The problem: Please copy each line below that contains the string "definition".

[Stored data]
(* Let $d\ge1$, $\sigma>0$, and let $(P_t)_{t\ge0}$ be the heat semigroup generated by $(Lf)(p,\xi)=\sum_{j=1}^d p_j\,\partial_{\xi_j}f(p,\xi)+\frac{\sigma^2}{2}\Delta_p f(p,\xi)$ on $\mathbb{R}^d\times\mathbb{R}^d$. Let $f\in C^1(\mathbb{R}^d\times\mathbb{R}^d)$ be non-negative and bounded. Then for every $t>0$, \[\sum_{i=1}^d\left[\Big(\frac{\partial \ln P_tf}{\partial p_i}-\frac{t}{2}\frac{\partial \ln P_tf}{\partial \xi_i}\Big)^2+\frac{t^2}{12}\Big(\frac{\partial \ln P_tf}{\partial\xi_i}\Big)^2\right]\le\frac{2}{\sigma^2t\,P_tf}\big(P_t(f\ln f)-P_tf\ln P_tf\big).\]
   Context: $P_tf(p,\xi)=\mathbb{E}\,f\big(p+B_t,\xi+tp+\int_0^tB_sds\big)$, where $B$ is a Brownian motion in $\mathbb{R}^d$ with variance $\sigma^2$ started at $0$. $\Delta_p$ is the Laplacian in the variable $p$. *)

theory Defs
  imports "HOL-Analysis.Analysis"
begin

text \<open>P_t f(p,xi) = E f(p + B_t, xi + t p + int_0^t B_s ds), B a d-dimensional Brownian motion
  with variance sigma^2 started at 0.  For each coordinate j the pair (B_t^j, int_0^t B_s^j ds)
  is a centred Gaussian vector with covariance matrix
  [[sigma^2 t, sigma^2 t^2/2], [sigma^2 t^2/2, sigma^2 t^3/3]], and the coordinates are
  independent.\<close>

definition kolm_var_b :: "real \<Rightarrow> real \<Rightarrow> real" where
  "kolm_var_b \<sigma> t = \<sigma>\<^sup>2 * t"

definition kolm_cov :: "real \<Rightarrow> real \<Rightarrow> real" where
  "kolm_cov \<sigma> t = \<sigma>\<^sup>2 * t\<^sup>2 / 2"

definition kolm_var_c :: "real \<Rightarrow> real \<Rightarrow> real" where
  "kolm_var_c \<sigma> t = \<sigma>\<^sup>2 * t ^ 3 / 3"

definition kolm_det :: "real \<Rightarrow> real \<Rightarrow> real" where
  "kolm_det \<sigma> t = kolm_var_b \<sigma> t * kolm_var_c \<sigma> t - (kolm_cov \<sigma> t)\<^sup>2"

definition kolm_density2 :: "real \<Rightarrow> real \<Rightarrow> real \<Rightarrow> real \<Rightarrow> real" where
  "kolm_density2 \<sigma> t b c =
     exp (- (kolm_var_c \<sigma> t * b\<^sup>2 - 2 * kolm_cov \<sigma> t * b * c + kolm_var_b \<sigma> t * c\<^sup>2)
            / (2 * kolm_det \<sigma> t))
     / (2 * pi * sqrt (kolm_det \<sigma> t))"

definition kolm_density :: "real \<Rightarrow> real \<Rightarrow> real^'d::finite \<Rightarrow> real^'d \<Rightarrow> real" where
  "kolm_density \<sigma> t b c = (\<Prod>j\<in>UNIV. kolm_density2 \<sigma> t (b $ j) (c $ j))"

definition kolm_sg :: "real \<Rightarrow> real \<Rightarrow> ((real^'d::finite) \<times> (real^'d) \<Rightarrow> real)
                        \<Rightarrow> (real^'d) \<times> (real^'d) \<Rightarrow> real" where
  "kolm_sg \<sigma> t f x =
     (\<integral>b. (\<integral>c. kolm_density \<sigma> t b c * f (fst x + b, snd x + t *\<^sub>R fst x + c) \<partial>lborel) \<partial>lborel)"

end

theory Submission
  imports Defs "HOL-Probability.Distributions"
begin

text \<open>Write \<open>Y = (B\<^sub>t, \<integral>\<^sub>0\<^sup>t B\<^sub>s ds)\<close>, a centred Gaussian vector with covariance \<open>\<Sigma>\<close>, and
  \<open>\<Phi> (p, \<xi>) = (p, \<xi> + t p)\<close>, so that \<open>P\<^sub>t f x = E f (\<Phi> x + Y)\<close>. Moving \<open>x\<close> in a direction \<open>v\<close>
  translates \<open>Y\<close> by \<open>w = \<Phi> v\<close>, which by the Cameron-Martin formula multiplies the density of \<open>Y\<close> by
  \<open>exp (\<langle>Y, \<Sigma>\<inverse> w\<rangle> - \<langle>w, \<Sigma>\<inverse> w\<rangle> / 2)\<close>. Hence the derivative of \<open>ln P\<^sub>t f\<close> along \<open>v\<close> is
  \<open>E [F \<langle>Y, \<Sigma>\<inverse> w\<rangle>] / E F\<close> with \<open>F = f (\<Phi> x + Y)\<close>. The entropy duality
  \<open>E [F Z] \<le> Ent F + E F \<cdot> ln E (exp Z)\<close>, together with \<open>E exp \<langle>Y, \<Sigma>\<inverse> w\<rangle> = exp (\<langle>w, \<Sigma>\<inverse> w\<rangle> / 2)\<close>,
  bounds it by \<open>Ent F / E F + \<langle>w, \<Sigma>\<inverse> w\<rangle> / 2\<close>. Optimising over \<open>v\<close> (a Legendre transform of this
  quadratic form, whose determinant \<open>det \<Sigma> = \<sigma>\<^sup>4 t\<^sup>4 / 12\<close> produces the factor \<open>t\<^sup>2 / 12\<close>) gives the
  inequality.\<close>

section \<open>Elementary inequalities\<close>

lemma abs_exp_minus_one_le:
  fixes x :: real
  shows "\<bar>exp x - 1\<bar> \<le> \<bar>x\<bar> * exp \<bar>x\<bar>"
proof (cases "x \<ge> 0")
  case True
  have "exp x * (1 - x) \<le> exp x * exp (- x)"
    using exp_ge_add_one_self[of "- x"] by (intro mult_left_mono) auto
  then show ?thesis
    using True by (simp add: exp_minus field_simps)
next
  case False
  have "\<bar>exp x - 1\<bar> = 1 - exp x" and "\<bar>x\<bar> = - x"
    using False by auto
  then have "\<bar>exp x - 1\<bar> \<le> \<bar>x\<bar>"
    using exp_ge_add_one_self[of x] by linarith
  also have "\<dots> \<le> \<bar>x\<bar> * exp \<bar>x\<bar>"
    by (simp add: mult_le_cancel_left1)
  finally show ?thesis .
qed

Answer to the exercise:
definition kolm_var_b :: "real \<Rightarrow> real \<Rightarrow> real" where
definition kolm_cov :: "real \<Rightarrow> real \<Rightarrow> real" where
definition kolm_var_c :: "real \<Rightarrow> real \<Rightarrow> real" where
definition kolm_det :: "real \<Rightarrow> real \<Rightarrow> real" where
definition kolm_density2 :: "real \<Rightarrow> real \<Rightarrow> real \<Rightarrow> real \<Rightarrow> real" where
definition kolm_density :: "real \<Rightarrow> real \<Rightarrow> real^'d::finite \<Rightarrow> real^'d \<Rightarrow> real" where
definition kolm_sg :: "real \<Rightarrow> real \<Rightarrow> ((real^'d::finite) \<times> (real^'d) \<Rightarrow> real)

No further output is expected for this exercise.